Source records:

section \<open>Current algebras\<close>

locale current_algebra =
  fixes sA :: "'f::field \<Rightarrow> 'a::comm_ring_1 \<Rightarrow> 'a"
    and sK :: "'f \<Rightarrow> 'k::ab_group_add \<Rightarrow> 'k" and bk :: "'k \<Rightarrow> 'k \<Rightarrow> 'k"
    and sZ :: "'f \<Rightarrow> 'z::ab_group_add \<Rightarrow> 'z"
    and sG :: "'f \<Rightarrow> 'g::ab_group_add \<Rightarrow> 'g" and tg :: "'a \<Rightarrow> 'k \<Rightarrow> 'g"
    and bg :: "'g \<Rightarrow> 'g \<Rightarrow> 'g"
    and sW :: "'f \<Rightarrow> 'w::ab_group_add \<Rightarrow> 'w" and wg :: "'g \<Rightarrow> 'g \<Rightarrow> 'w"
    and sLA :: "'f \<Rightarrow> 'la::ab_group_add \<Rightarrow> 'la" and wA :: "'a \<Rightarrow> 'a \<Rightarrow> 'la"
    and sSK :: "'f \<Rightarrow> 'sk::ab_group_add \<Rightarrow> 'sk" and vK :: "'k \<Rightarrow> 'k \<Rightarrow> 'sk"
    and sLK :: "'f \<Rightarrow> 'lk::ab_group_add \<Rightarrow> 'lk" and wK :: "'k \<Rightarrow> 'k \<Rightarrow> 'lk"
    and sSA :: "'f \<Rightarrow> 'sa::ab_group_add \<Rightarrow> 'sa" and vA :: "'a \<Rightarrow> 'a \<Rightarrow> 'sa"
    and mA :: "'sa \<Rightarrow> 'a"
    and sT1 :: "'f \<Rightarrow> 't1::ab_group_add \<Rightarrow> 't1" and tens1 :: "'la \<Rightarrow> 'sk \<Rightarrow> 't1"
    and sT2 :: "'f \<Rightarrow> 't2::ab_group_add \<Rightarrow> 't2" and tens2 :: "'a \<Rightarrow> 'lk \<Rightarrow> 't2"
    and sT3 :: "'f \<Rightarrow> 't3::ab_group_add \<Rightarrow> 't3" and tens3 :: "'sa \<Rightarrow> 'lk \<Rightarrow> 't3"
    and p1 :: "'w \<Rightarrow> 't1" and p2 :: "'w \<Rightarrow> 't2" and p3 :: "'w \<Rightarrow> 't3"
  assumes two_unit: "(2::'f) \<noteq> 0"
    and k_lie: "lie_algebra sK bk"
    and z_vs: "vector_space sZ"
    and g_tensor: "is_tensor_product sA sK sG tg"
    and bg_bil: "bilinear_map sG sG sG bg"
    and bg_tg: "\<And>a b x y. bg (tg a x) (tg b y) = tg (a * b) (bk x y)"
    and W_ext: "is_exterior_square sG sW wg"
    and LA_ext: "is_exterior_square sA sLA wA"
    and SK_sym: "is_symmetric_square sK sSK vK"
    and LK_ext: "is_exterior_square sK sLK wK"
    and SA_sym: "is_symmetric_square sA sSA vA"
    and mA_lin: "Vector_Spaces.linear sSA sA mA"
    and mA_vA: "\<And>a b. mA (vA a b) = a * b"
    and T1_tensor: "is_tensor_product sLA sSK sT1 tens1"
    and T2_tensor: "is_tensor_product sA sLK sT2 tens2"
    and T3_tensor: "is_tensor_product sSA sLK sT3 tens3"
    and p1_lin: "Vector_Spaces.linear sW sT1 p1"
    and p1_def: "\<And>a b x y. p1 (wg (tg a x) (tg b y)) = tens1 (wA a b) (vK x y)"
    and p2_lin: "Vector_Spaces.linear sW sT2 p2"
    and p2_def: "\<And>a b x y. p2 (wg (tg a x) (tg b y)) = tens2 (a * b) (wK x y)"
    and p3_lin: "Vector_Spaces.linear sW sT3 p3"
    and p3_def: "\<And>a b x y. p3 (wg (tg a x) (tg b y)) = tens3 (vA a b - vA (a * b) 1) (wK x y)"
begin

lemma tg_span: "module.span sG {tg a x | a x. True} = UNIV"
  using g_tensor unfolding is_tensor_product_def by blast

lemma wg_bilinear: "bilinear_map sG sG sW wg"
  and wg_span: "module.span sW {wg u v | u v. True} = UNIV"
  using W_ext unfolding is_exterior_square_def by blast+

lemma wA_antisym: "wA b a = - wA a b"
  using LA_ext unfolding is_exterior_square_def by blast

lemma vK_bilinear: "bilinear_map sK sK sSK vK"
  and vK_sym: "vK y x = vK x y"
  using SK_sym unfolding is_symmetric_square_def by blast+

lemma wK_bilinear: "bilinear_map sK sK sLK wK"
  and wK_antisym: "wK y x = - wK x y"
  using LK_ext unfolding is_exterior_square_def by blast+

lemma vA_bilinear: "bilinear_map sA sA sSA vA"
  and vA_sym: "vA b a = vA a b"
  and vA_span: "module.span sSA {vA a b | a b. True} = UNIV"
  using SA_sym unfolding is_symmetric_square_def by blast+

lemma tens1_bilinear: "bilinear_map sLA sSK sT1 tens1"
  using T1_tensor unfolding is_tensor_product_def by blast

lemma tens2_bilinear: "bilinear_map sA sLK sT2 tens2"
  using T2_tensor unfolding is_tensor_product_def by blast

lemma tens3_bilinear: "bilinear_map sSA sLK sT3 tens3"
  and T3_vs: "vector_space sT3"
  using T3_tensor unfolding is_tensor_product_def by blast+

lemma p3_in_kernel_tensors: "p3 u \<in> module.span sT3 {tens3 c w | c w. mA c = 0}"
proof -
  have mT3: "module sT3"
    using T3_vs by (simp add: module_iff_vector_space)
  let ?S = "module.span sT3 {tens3 c w | c w. mA c = 0}"
  have S: "module.subspace sT3 ?S"
    by (rule module.subspace_span[OF mT3])
  have "p3 (wg (tg a x) (tg b y)) \<in> ?S" for a b x y
    unfolding p3_def
    by (rule module.span_base[OF mT3]) (auto simp: linear_map_diff[OF mA_lin] mA_vA)
  then have gen: "p3 (wg g h) \<in> ?S" if "g \<in> {tg a x | a x. True}" "h \<in> {tg a x | a x. True}" for g h
    using that by blast
  have "p3 (wg g h) \<in> ?S" for g h
    by (rule bilinear_in_subspace_on_spans[where G = "{tg a x | a x. True}" and H = "{tg a x | a x. True}", OF
          linear_compose_fun[OF bilinear_map_linear_left[OF wg_bilinear] p3_lin]
          linear_compose_fun[OF bilinear_map_linear_right[OF wg_bilinear] p3_lin] S gen])
      (simp_all only: tg_span UNIV_I)
  then have "p3 u \<in> ?S" if "u \<in> {wg g h | g h. True}" for u
    using that by blast
  moreover have "u \<in> module.span sW {wg g h | g h. True}"
    using wg_span by simp
  ultimately show ?thesis
    by (rule linear_in_subspace_on_span[OF p3_lin S])
qed

text \<open>
  \<open>f\<^sub>3\<close> is only linear on \<open>I\<^sub>A \<otimes> \<Lambda>\<^sup>2(\<k>)\<close>; any linear extension to \<open>S\<^sup>2(A) \<otimes> \<Lambda>\<^sup>2(\<k>)\<close> serves,
  since the image of \<open>p\<^sub>3\<close> lies in that subspace.
\<close>

lemma kernel_tensor_extension:
  assumes "linear_on sT3 sZ (module.span sT3 {tens3 c w | c w. mA c = 0}) f3"
  obtains F3 where "Vector_Spaces.linear sT3 sZ F3" "\<And>u. F3 (p3 u) = f3 (p3 u)"
    "\<And>c w. mA c = 0 \<Longrightarrow> F3 (tens3 c w) = f3 (tens3 c w)"
proof -
  obtain F3 where "Vector_Spaces.linear sT3 sZ F3"
    and F3: "\<And>u. u \<in> module.span sT3 {tens3 c w | c w. mA c = 0} \<Longrightarrow> F3 u = f3 u"
    using linear_on_extends[OF assms T3_vs z_vs] by blast
  moreover have "tens3 c w \<in> module.span sT3 {tens3 c w | c w. mA c = 0}" if "mA c = 0" for c w
    using T3_vs that by (intro module.span_base) (auto simp: module_iff_vector_space)
  ultimately show ?thesis
    using that p3_in_kernel_tensors by blast
qed

end

locale current_algebra_cochain = current_algebra +
  fixes f1 f2 F3
  assumes f1_lin: "Vector_Spaces.linear sT1 sZ f1"
    and f2_lin: "Vector_Spaces.linear sT2 sZ f2"
    and F3_lin: "Vector_Spaces.linear sT3 sZ F3"
begin

definition f1_tilde where
  "f1_tilde a b x y = f1 (tens1 (wA a b) (vK x y))"

definition f2_tilde where
  "f2_tilde a x y = f2 (tens2 a (wK x y))"

definition f3_tilde where
  "f3_tilde a b x y = F3 (tens3 (vA a b - vA (a * b) 1) (wK x y))"

definition cochain where
  "cochain u = f1 (p1 u) + f2 (p2 u) + F3 (p3 u)"

lemma f1_tens1_linear: "Vector_Spaces.linear sLA sZ (\<lambda>t. f1 (tens1 t s))"
  by (rule linear_compose_fun[OF bilinear_map_linear_left[OF tens1_bilinear] f1_lin])

lemma f1_vK_linear_left: "Vector_Spaces.linear sK sZ (\<lambda>x. f1 (tens1 t (vK x y)))"
  by (intro linear_compose_fun[OF bilinear_map_linear_left[OF vK_bilinear]]
      linear_compose_fun[OF bilinear_map_linear_right[OF tens1_bilinear] f1_lin])

lemma f1_vK_linear_right: "Vector_Spaces.linear sK sZ (\<lambda>y. f1 (tens1 t (vK x y)))"
  by (intro linear_compose_fun[OF bilinear_map_linear_right[OF vK_bilinear]]
      linear_compose_fun[OF bilinear_map_linear_right[OF tens1_bilinear] f1_lin])

lemma f2_wK_linear_left: "Vector_Spaces.linear sK sZ (\<lambda>x. f2 (tens2 a (wK x y)))"
  by (intro linear_compose_fun[OF bilinear_map_linear_left[OF wK_bilinear]]
      linear_compose_fun[OF bilinear_map_linear_right[OF tens2_bilinear] f2_lin])

lemma F3_tens3_linear: "Vector_Spaces.linear sSA sZ (\<lambda>c. F3 (tens3 c w))"
  by (rule linear_compose_fun[OF bilinear_map_linear_left[OF tens3_bilinear] F3_lin])

lemma F3_wK_linear_right: "Vector_Spaces.linear sK sZ (\<lambda>y. F3 (tens3 c (wK x y)))"
  by (intro linear_compose_fun[OF bilinear_map_linear_right[OF wK_bilinear]]
      linear_compose_fun[OF bilinear_map_linear_right[OF tens3_bilinear] F3_lin])

sublocale cocycle_components sZ bk f1_tilde f2_tilde f3_tilde
proof (rule cocycle_components.intro[OF z_vs two_unit])
  show "bk y x = - bk x y" for x y
    by (rule lie_algebra_antisym[OF k_lie])
  show "f1_tilde b a x y = - f1_tilde a b x y" for a b x y
    by (simp add: f1_tilde_def wA_antisym[of b a] linear_map_neg[OF f1_tens1_linear])
  show "f1_tilde a b y x = f1_tilde a b x y" for a b x y
    by (simp add: f1_tilde_def vK_sym)
  show "f2_tilde a (- x) y = - f2_tilde a x y" for a x y
    using linear_map_neg[OF f2_wK_linear_left] by (simp add: f2_tilde_def)
  show "f3_tilde b a x y = f3_tilde a b x y" for a b x y
    by (simp add: f3_tilde_def vA_sym mult.commute)
  show "f3_tilde a 1 x y = 0" for a x y
    using linear_map_0[OF F3_tens3_linear] by (simp add: f3_tilde_def)
  show "f3_tilde a b y x = - f3_tilde a b x y" for a b x y
    using linear_map_neg[OF linear_compose_fun[OF bilinear_map_linear_right[OF tens3_bilinear] F3_lin]]
    by (simp add: f3_tilde_def wK_antisym[of y x])
qed

lemma cochain_linear: "Vector_Spaces.linear sW sZ cochain"
  unfolding cochain_def
  by (intro linear_add_fun linear_compose_fun[OF p1_lin f1_lin] linear_compose_fun[OF p2_lin f2_lin]
      linear_compose_fun[OF p3_lin F3_lin])

lemma cochain_wedge: "cochain (wg (tg a x) (tg b y)) = wedge_value a b x y"
  by (simp add: cochain_def p1_def p2_def p3_def wedge_value_def f1_tilde_def f2_tilde_def f3_tilde_def)

lemma cochain_lie_boundary:
  "cochain (lie_boundary wg bg (tg a x) (tg b y) (tg c z)) = boundary_value a b c x y z"
  by (simp add: lie_boundary_def bg_tg linear_map_add[OF cochain_linear] cochain_wedge boundary_value_def)

lemma two_cocycle_iff_boundary_value_vanishes:
  "two_cocycle sW sZ wg bg cochain \<longleftrightarrow> (\<forall>a b c x y z. boundary_value a b c x y z = 0)"
proof -
  have "two_cocycle sW sZ wg bg cochain \<longleftrightarrow> (\<forall>u \<in> {tg a x | a x. True}. \<forall>v \<in> {tg a x | a x. True}.
      \<forall>w \<in> {tg a x | a x. True}. cochain (lie_boundary wg bg u v w) = 0)"
    by (rule two_cocycle_iff_on_generators[OF cochain_linear wg_bilinear bg_bil tg_span])
  also have "\<dots> \<longleftrightarrow> (\<forall>a b c x y z. cochain (lie_boundary wg bg (tg a x) (tg b y) (tg c z)) = 0)"
    by blast
  finally show ?thesis
    by (simp only: cochain_lie_boundary)
qed

lemma invariant_symmetric_bilinear_iff:
  "(\<forall>a b. invariant_symmetric_bilinear sK sZ bk (\<lambda>x y. f1 (tens1 (wA a b) (vK x y)))) \<longleftrightarrow>
    (\<forall>a b x y z. f1_tilde a b (bk x y) z = f1_tilde a b x (bk y z))"
  using f1_vK_linear_left f1_vK_linear_right vK_sym
  by (auto simp: invariant_symmetric_bilinear_def bilinear_map_def f1_tilde_def)

lemma T0_condition_iff:
  "(\<forall>t \<in> T0 sLA wA. \<forall>x y. y \<in> derived_algebra sK bk \<longrightarrow> f1 (tens1 t (vK x y)) = 0) \<longleftrightarrow>
    (\<forall>a b c x y z. f1_tilde (a * b) c x (bk y z) + f1_tilde (b * c) a x (bk y z)
       + f1_tilde (c * a) b x (bk y z) - f1_tilde (a * b * c) 1 x (bk y z) = 0)"
proof -
  have expand: "f1 (tens1 (wA (a * b) c + wA (b * c) a + wA (c * a) b - wA (a * b * c) 1) s) =
      f1 (tens1 (wA (a * b) c) s) + f1 (tens1 (wA (b * c) a) s) + f1 (tens1 (wA (c * a) b) s)
      - f1 (tens1 (wA (a * b * c) 1) s)" for a b c s
    by (simp add: linear_map_add[OF f1_tens1_linear] linear_map_diff[OF f1_tens1_linear])
  have "(\<forall>t \<in> T0 sLA wA. \<forall>y \<in> derived_algebra sK bk. f1 (tens1 t (vK x y)) = 0) \<longleftrightarrow>
    (\<forall>t \<in> {wA (a * b) c + wA (b * c) a + wA (c * a) b - wA (a * b * c) 1 | a b c. True}.
       \<forall>y \<in> {bk y z | y z. True}. f1 (tens1 t (vK x y)) = 0)" for x
    unfolding T0_def derived_algebra_def
    by (rule bilinear_vanishes_on_spans_iff[where B = "\<lambda>t y. f1 (tens1 t (vK x y))",
          OF f1_tens1_linear f1_vK_linear_right])
  also have "\<dots> x \<longleftrightarrow> (\<forall>a b c y z. f1 (tens1 (wA (a * b) c + wA (b * c) a + wA (c * a) b - wA (a * b * c) 1)
       (vK x (bk y z))) = 0)" for x
    by blast
  finally show ?thesis
    by (simp only: expand f1_tilde_def) blast
qed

Work request:
Copy out every line of the listing that includes the string "expand".

Written answer:
  have expand: "f1 (tens1 (wA (a * b) c + wA (b * c) a + wA (c * a) b - wA (a * b * c) 1) s) =
    by (simp only: expand f1_tilde_def) blast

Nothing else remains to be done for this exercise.